Sir,
We read with great interest the paper by Costa et al1 on the use of subconjunctival triamcinolone acetonide (SCTA) in the management of corneal endothelial graft rejection.
SCTA has been used for corneal transplant surgery.2, 3 However, these have been isolated case reports along with multiple arm therapy in often complicated penetrating keratoplasties (PKPs).4 The effect of SCTA with steroid drops alone could not be ascertained.
We have used 20–40 mg SCTA after failure of steroid drops for at least a week to treat successfully the episodes of rejection in different types of grafts, including DSAEK,4 DALK, and PKP. The outcome was reversal of the rejection and regression of new vessels in all cases.
The only reported side effects were conjunctival ulceration5 and raised intraocular pressure (IOP).6, 7 SCTA has variable duration of action in patients and may depend on technique and site of application along with independent patient variability.

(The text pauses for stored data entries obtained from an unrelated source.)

(* Let $G_{\max}=(V,E_{\max})$ be a finite, simple, connected, undirected graph, and let $\lambda',\mu',\gamma'>0$ with $\frac{\lambda'}{\mu'}>1$ and $0<\gamma'\le 1$ (Regime III). For a network state $\mathbf{A}$ (a subset $E(\mathbf{A})\subseteq E_{\max}$ of closed edges) let $g(E(\mathbf{A}))$ be the number of $C_3$ subgraphs (triangles) plus the number of $P_4$ subgraphs (paths with 4 vertices) formed by $E(\mathbf{A})$, and call a maximizer of $\pi(\mathbf{A})\propto(\lambda'/\mu')^{|E(\mathbf{A})|}\gamma'^{\,g(E(\mathbf{A}))}$ over all network states a most-probable network (for POD-DBP). If $\lambda'\gamma'<\mu'$, then the most-probable networks are exactly the network states $\mathbf{A}^*$ with $g(E(\mathbf{A}^* ))=0$ and $|E(\mathbf{A}^* )|$ maximum among such states; equivalently, $E(\mathbf{A}^* )$ is a maximum star matching of $G_{\max}$.
   Context: A star graph is a graph consisting of a center vertex joined to all other vertices, with no other edges. A star matching of a graph $G=(V,E)$ is a subset of $E$ whose edges form a collection of vertex-disjoint (disconnected) star graphs; a maximum star matching is a star matching with the largest possible number of edges. *)

theory Defs
  imports Complex_Main
begin

definition simple_graph :: "'a set \<Rightarrow> 'a set set \<Rightarrow> bool" where
  "simple_graph V E \<longleftrightarrow> finite V \<and> (\<forall>e\<in>E. e \<subseteq> V \<and> card e = 2)"

definition adj :: "'a set set \<Rightarrow> ('a \<times> 'a) set" where
  "adj E = {(u, v). {u, v} \<in> E}"

definition connected_graph :: "'a set \<Rightarrow> 'a set set \<Rightarrow> bool" where
  "connected_graph V E \<longleftrightarrow> (\<forall>u\<in>V. \<forall>v\<in>V. (u, v) \<in> (adj E)\<^sup>*)"

definition num_C3 :: "'a set set \<Rightarrow> nat" where
  "num_C3 F = card {{{a, b}, {b, c}, {a, c}} | a b c.
      a \<noteq> b \<and> b \<noteq> c \<and> a \<noteq> c \<and> {a, b} \<in> F \<and> {b, c} \<in> F \<and> {a, c} \<in> F}"

text \<open>Number of P4 subgraphs (paths on 4 vertices) of the graph formed by F,
  each subgraph counted once as its set of three edges.\<close>
definition num_P4 :: "'a set set \<Rightarrow> nat" where
  "num_P4 F = card {{{a, b}, {b, c}, {c, d}} | a b c d.
      distinct [a, b, c, d] \<and> {a, b} \<in> F \<and> {b, c} \<in> F \<and> {c, d} \<in> F}"

definition g_count :: "'a set set \<Rightarrow> nat" where
  "g_count F = num_C3 F + num_P4 F"

definition pod_weight :: "real \<Rightarrow> real \<Rightarrow> real \<Rightarrow> 'a set set \<Rightarrow> real" where
  "pod_weight lam mu gam F = (lam / mu) ^ card F * gam ^ g_count F"

definition most_probable :: "real \<Rightarrow> real \<Rightarrow> real \<Rightarrow> 'a set set \<Rightarrow> 'a set set \<Rightarrow> bool" where
  "most_probable lam mu gam Emax A \<longleftrightarrow> A \<subseteq> Emax \<and>
     (\<forall>B. B \<subseteq> Emax \<longrightarrow> pod_weight lam mu gam B \<le> pod_weight lam mu gam A)"

definition is_star :: "'a set set \<Rightarrow> bool" where
  "is_star S \<longleftrightarrow> S \<noteq> {} \<and> (\<exists>c. \<forall>e\<in>S. c \<in> e)"

definition star_matching :: "'a set set \<Rightarrow> 'a set set \<Rightarrow> bool" where
  "star_matching E F \<longleftrightarrow> F \<subseteq> E \<and>
     (\<exists>P. \<Union>P = F \<and> (\<forall>S\<in>P. is_star S) \<and>
          (\<forall>S\<in>P. \<forall>T\<in>P. S \<noteq> T \<longrightarrow> \<Union>S \<inter> \<Union>T = {}))"
theorem corollary5:
  fixes lam xi v1 v2 q x :: real
  assumes "lam > 0" and "xi > 0" and "v2 < v1"
    and "v2 < 0 \<and> 0 < v1 \<or> 0 < v2 \<and> v2 < v1"
    and "0 \<le> q" and "q \<le> 1"
  shows "(v2 < 0 \<and> 0 < v1 \<longrightarrow>
           ((\<lambda>t. tp lam xi v1 v2 q x t) \<longlongrightarrow>
              ereal (q * Hbar lam xi v1 x + (1 - q) * Hbar lam xi v2 x
                + xi * exp (xi / lam) / (v1 - v2)
                  * upper_inc_gamma 0 ((Mx v1 v2 x + 1 / lam) * xi))) at_top)
       \<and> (0 < v2 \<and> v2 < v1 \<longrightarrow>
           ((\<lambda>t. tp lam xi v1 v2 q x t) \<longlongrightarrow>
              ereal (q * Hbar lam xi v1 x + (1 - q) * Hbar lam xi v2 x
                + (if x > 0 then 1 else 0) * xi * exp (xi / lam) / (v1 - v2)
                  * gen_inc_gamma 0 ((x / v1 + 1 / lam) * xi) ((x / v2 + 1 / lam) * xi))) at_top)"
proof (intro conjI impI)
  assume "v2 < 0 \<and> 0 < v1"
  with assms show "((\<lambda>t. tp lam xi v1 v2 q x t) \<longlongrightarrow> ereal (q * Hbar lam xi v1 x + (1 - q) * Hbar lam xi v2 x
      + xi * exp (xi / lam) / (v1 - v2) * upper_inc_gamma 0 ((Mx v1 v2 x + 1 / lam) * xi))) at_top"
    by (intro tp_tendsto integral_exp_p_reg_tendsto_opposite_signs) auto
next
  assume "0 < v2 \<and> v2 < v1"
  with assms show "((\<lambda>t. tp lam xi v1 v2 q x t) \<longlongrightarrow> ereal (q * Hbar lam xi v1 x + (1 - q) * Hbar lam xi v2 x
      + (if x > 0 then 1 else 0) * xi * exp (xi / lam) / (v1 - v2)
        * gen_inc_gamma 0 ((x / v1 + 1 / lam) * xi) ((x / v2 + 1 / lam) * xi))) at_top"
    by (intro tp_tendsto tendsto_eventually integral_exp_p_reg_eventually_positive) auto
qed
lemma sum_weight_large_primes_ge:
  assumes "exp (2 ^ k) \<le> x"
  shows "prime_recip_sum x + prime_recip_sum (exp (2 ^ k)) - 2 * prime_recip_sum 65
    \<le> (\<Sum>p\<in>{p\<in>primes_below x. p \<ge> 65}. weight k p / real p)"
proof -
  let ?S = "{p\<in>primes_below x. p \<ge> 65}"
  have "(\<Sum>p\<in>primes_below x - ?S. weight k p / real p) \<le> (\<Sum>p\<in>primes_below x - ?S. 2 * (1 / real p))"
    using weight_div_bounds by (intro sum_mono) simp
  also have "\<dots> \<le> (\<Sum>p\<in>primes_below 65. 2 * (1 / real p))"
    by (intro sum_mono2) (auto simp: primes_below_def)
  also have "\<dots> = 2 * prime_recip_sum 65" unfolding prime_recip_sum_def by (simp add: sum_distrib_left)
  finally have "(\<Sum>p\<in>primes_below x - ?S. weight k p / real p) \<le> 2 * prime_recip_sum 65" .
  moreover have "(\<Sum>p\<in>primes_below x. weight k p / real p)
      = (\<Sum>p\<in>primes_below x - ?S. weight k p / real p) + (\<Sum>p\<in>?S. weight k p / real p)"
    by (rule sum.subset_diff) auto
  ultimately show ?thesis using sum_weight_eq[OF assms] by linarith
qed

lemma square_le_of_abs_le_sqrt_add:
  assumes "\<bar>d\<bar> \<le> sqrt L + B" "0 \<le> L" "2 * B^2 \<le> L" "L \<le> R"
  shows "d^2 \<le> 3 * R"
proof -
  have "d^2 \<le> (sqrt L + B)^2" using power_mono[OF assms(1), of 2] by simp
  also have "\<dots> = 2 * L + 2 * B^2 - (sqrt L - B)^2"
    using assms(2) by (simp add: power2_eq_square algebra_simps)
  also have "\<dots> \<le> 3 * R" using assms(3,4) zero_le_power2[of "sqrt L - B"] by linarith
  finally show ?thesis .
qed

lemma esym_linear_term_ge:
  fixes x L al B :: real and r k :: nat
  defines "B1 \<equiv> 2 * B + 2 * prime_recip_sum 65"
  assumes r: "real r = L + al * L" and L4: "L \<ge> 4" and al: "al \<ge> 0" and B0: "B \<ge> 0"
    and Fx: "L - B \<le> prime_recip_sum x" and Fk: "real k * ln 2 - B \<le> prime_recip_sum (exp (2 ^ k))"
    and yx: "exp (2 ^ k) \<le> x" and k: "\<bar>real k * ln 2 - al * L\<bar> \<le> sqrt L"
    and L_large: "sqrt L + B1 \<le> L / 2" "2 * B1^2 \<le> L"
  shows "(real r ^ r / fact r) * exp (- (al * L)) * (exp (- B1 - 6) / 2)
     \<le> esym r (\<lambda>p. weight k p / real p) (primes_below x) / 2 ^ k"
proof -
  define P where "P = primes_below x"
  define s where "s = (\<Sum>p\<in>{p\<in>P. p \<ge> 65}. weight k p / real p)"
  define d where "d = real k * ln 2 - al * L - B1"
  have rL: "real r \<ge> L" using r al L4 by simp
  have r2: "r \<ge> 2" using rL L4 by linarith
  have B1: "B1 \<ge> 0" unfolding B1_def using B0 prime_recip_sum_nonneg[of 65] by simp
  have s_ge: "real r + d \<le> s"
    using sum_weight_large_primes_ge[OF yx] Fx Fk r unfolding s_def P_def d_def B1_def by linarith
  have d_abs: "\<bar>d\<bar> \<le> sqrt L + B1" using k B1 unfolding d_def by (simp add: abs_le_iff)
  then have d_half: "\<bar>d\<bar> \<le> real r / 2" using L_large rL by linarith
  have d_sq: "d^2 \<le> 3 * real r"
    using d_abs L4 L_large(2) rL by (intro square_le_of_abs_le_sqrt_add) auto
  have "real r ^ r * exp (d - 6) \<le> (real r + d) ^ r"
    using r2 d_half d_sq by (intro exp_shift_le_power) auto
  also have "\<dots> \<le> s ^ r" using s_ge d_half by (intro power_mono) auto
  also have "s ^ r \<le> 2 * fact r * esym r (\<lambda>p. weight k p / real p) P"
    using esym_ge_half_power[of P "\<lambda>p. weight k p / real p" r] weight_div_bounds r2 s_ge d_half
    unfolding s_def P_def by (simp add: field_simps)
  finally have "real r ^ r * exp (d - 6) / (2 * fact r) / 2 ^ k
      \<le> esym r (\<lambda>p. weight k p / real p) P / 2 ^ k"
    by (intro divide_right_mono) (simp_all add: field_simps)
  moreover have "(2::real) ^ k = exp (real k * ln 2)" by (simp add: exp_of_nat_mult)
  then have "exp (d - 6) / 2 ^ k = exp (- (al * L)) * exp (- B1 - 6)"
    unfolding d_def by (simp add: exp_diff[symmetric] exp_add[symmetric])
  ultimately show ?thesis unfolding P_def by (simp add: field_simps)
qed

text \<open>Between \<open>exp (2 ^ j)\<close> and \<open>exp (2 ^ k)\<close> the cross weight \<open>sqrt (weight j p * weight k p)\<close>
  is \<open>sqrt 2\<close>, so compared with the diagonal the cross terms decay like \<open>2 powr ((sqrt 2 - 3/2) * (k - j))\<close>.\<close>
definition decay :: real where
  "decay = exp (ln 2 * (sqrt 2 - 3/2))"
(* For generic $a,b,c\in\mathbb{C}$ define $\hat{\mathbf Q}_0(n;a;b,c)\equiv1$ and, for $k\ge1$, $\hat{\mathbf Q}_k(n;a;b,c)$ by the $k$-raising relation $$(k+\tfrac a2)(1+a)bc\,(n+\tfrac a2)\,\hat{\mathbf Q}_k(n;a;b,c)=(n+k+\tfrac a2)(n+a)(n+b)(n+c)(n+\tfrac12+\tfrac a2)\,\hat{\mathbf Q}_{k-1}(n;a+1;b+1,c+1)$$ $$\qquad+(n-k+\tfrac a2)\,n\,(n+a-b)(n+a-c)(n-\tfrac12+\tfrac a2)\,\hat{\mathbf Q}_{k-1}(n-1;a+1;b+1,c+1).$$ Then each $\hat{\mathbf Q}_k$ is a polynomial in $n$ of degree $4k$ (of degree $2k$ in $\lambda=n(n+a)$), and, setting $\mathbf Q_k^{(2)}(n;a;b,c)=(1+\tfrac{2n}{a})\hat{\mathbf Q}_k(n;a;b,c)$, for all integers $k\ge0$ one has near $x=0$ $${}_3F_2\!\left[\begin{matrix}\tfrac12+k+\tfrac a2,\ 1+k+\tfrac a2,\ 1-k+a-b-c\\ 1+a-b,\ 1+a-c\end{matrix}\,\Big|\,-\frac{4x}{(1-x)^2}\right]=(1+x)^{-1-2k}(1-x)^{1+2k+a}\sum_{n=0}^\infty\frac{(a)_n(b)_n(c)_n}{n!\,(1+a-b)_n(1+a-c)_n}\,\mathbf Q_k^{(2)}(n;a;b,c)\,x^n.$$
   Context: $(c)_n$ denotes the Pochhammer symbol, $(c)_0=1$; ${}_pF_q$ is the generalized hypergeometric series. Parameters are generic: no lower parameter is a nonpositive integer and the divisions in the recurrence are by nonzero constants. *)

theory Defs
  imports "HOL-Analysis.Analysis" "HOL-Computational_Algebra.Polynomial"
begin

definition hyp3F2 :: "complex \<Rightarrow> complex \<Rightarrow> complex \<Rightarrow> complex \<Rightarrow> complex \<Rightarrow> complex \<Rightarrow> complex" where
  "hyp3F2 a1 a2 a3 b1 b2 z =
     (\<Sum>n. pochhammer a1 n * pochhammer a2 n * pochhammer a3 n
            / (pochhammer b1 n * pochhammer b2 n * fact n) * z ^ n)"

text \<open>The polynomials hat Q_k(n;a;b,c) in the variable n, defined by the k-raising relation:
  the right-hand side is divided (as a polynomial) by the constant times (n + a/2).\<close>
fun Qhat :: "nat \<Rightarrow> complex \<Rightarrow> complex \<Rightarrow> complex \<Rightarrow> complex poly" where
  "Qhat 0 a b c = 1"
| "Qhat (Suc k) a b c =
     (let K = of_nat (Suc k) :: complex; Q = Qhat k (a+1) (b+1) (c+1) in
       ([:K + a/2, 1:] * [:a, 1:] * [:b, 1:] * [:c, 1:] * [:1/2 + a/2, 1:] * Q
        + [:a/2 - K, 1:] * [:0, 1:] * [:a - b, 1:] * [:a - c, 1:] * [:a/2 - 1/2, 1:]
            * pcompose Q [:-1, 1:])
       div smult ((K + a/2) * (1 + a) * b * c) [:a/2, 1:])"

It appears that SCTA acts by locally suppressing the immune response. This local suppression is over a period of time due to the crystalline nature of the drug. The long acting and constant presence of local steroid appears to be an important action as TA is only a moderate strength steroid, four times the strength of hydrocortisone.8 In addition, there may be a steroid-mediated local inhibitory action on the new vessels.9, 10
Subconjunctival steroids appear to achieve intraocular penetration mainly through the temporary incision leakage into the tear film and then through the cornea into the eye.11 There is also scleral and local vessel absorptions, which probably become more important once the incision has healed and if the steroid remains, and is greater in the inflamed than the normal eye.11, 12 We suggest that if SCTA is used for corneal graft rejection, it should be placed as close to the limbus as possible.8, 12
SCTA has been successfully used to reverse neovascularisation in rabbits. This study showed that triamcinolone was present in the cornea for at least 2 weeks after triamcinolone injection.8 As new vessels can mature over 5–6 weeks,13 SCTA should be considered early in the management of corneal new vessel formation, which is resistant to topical steroids.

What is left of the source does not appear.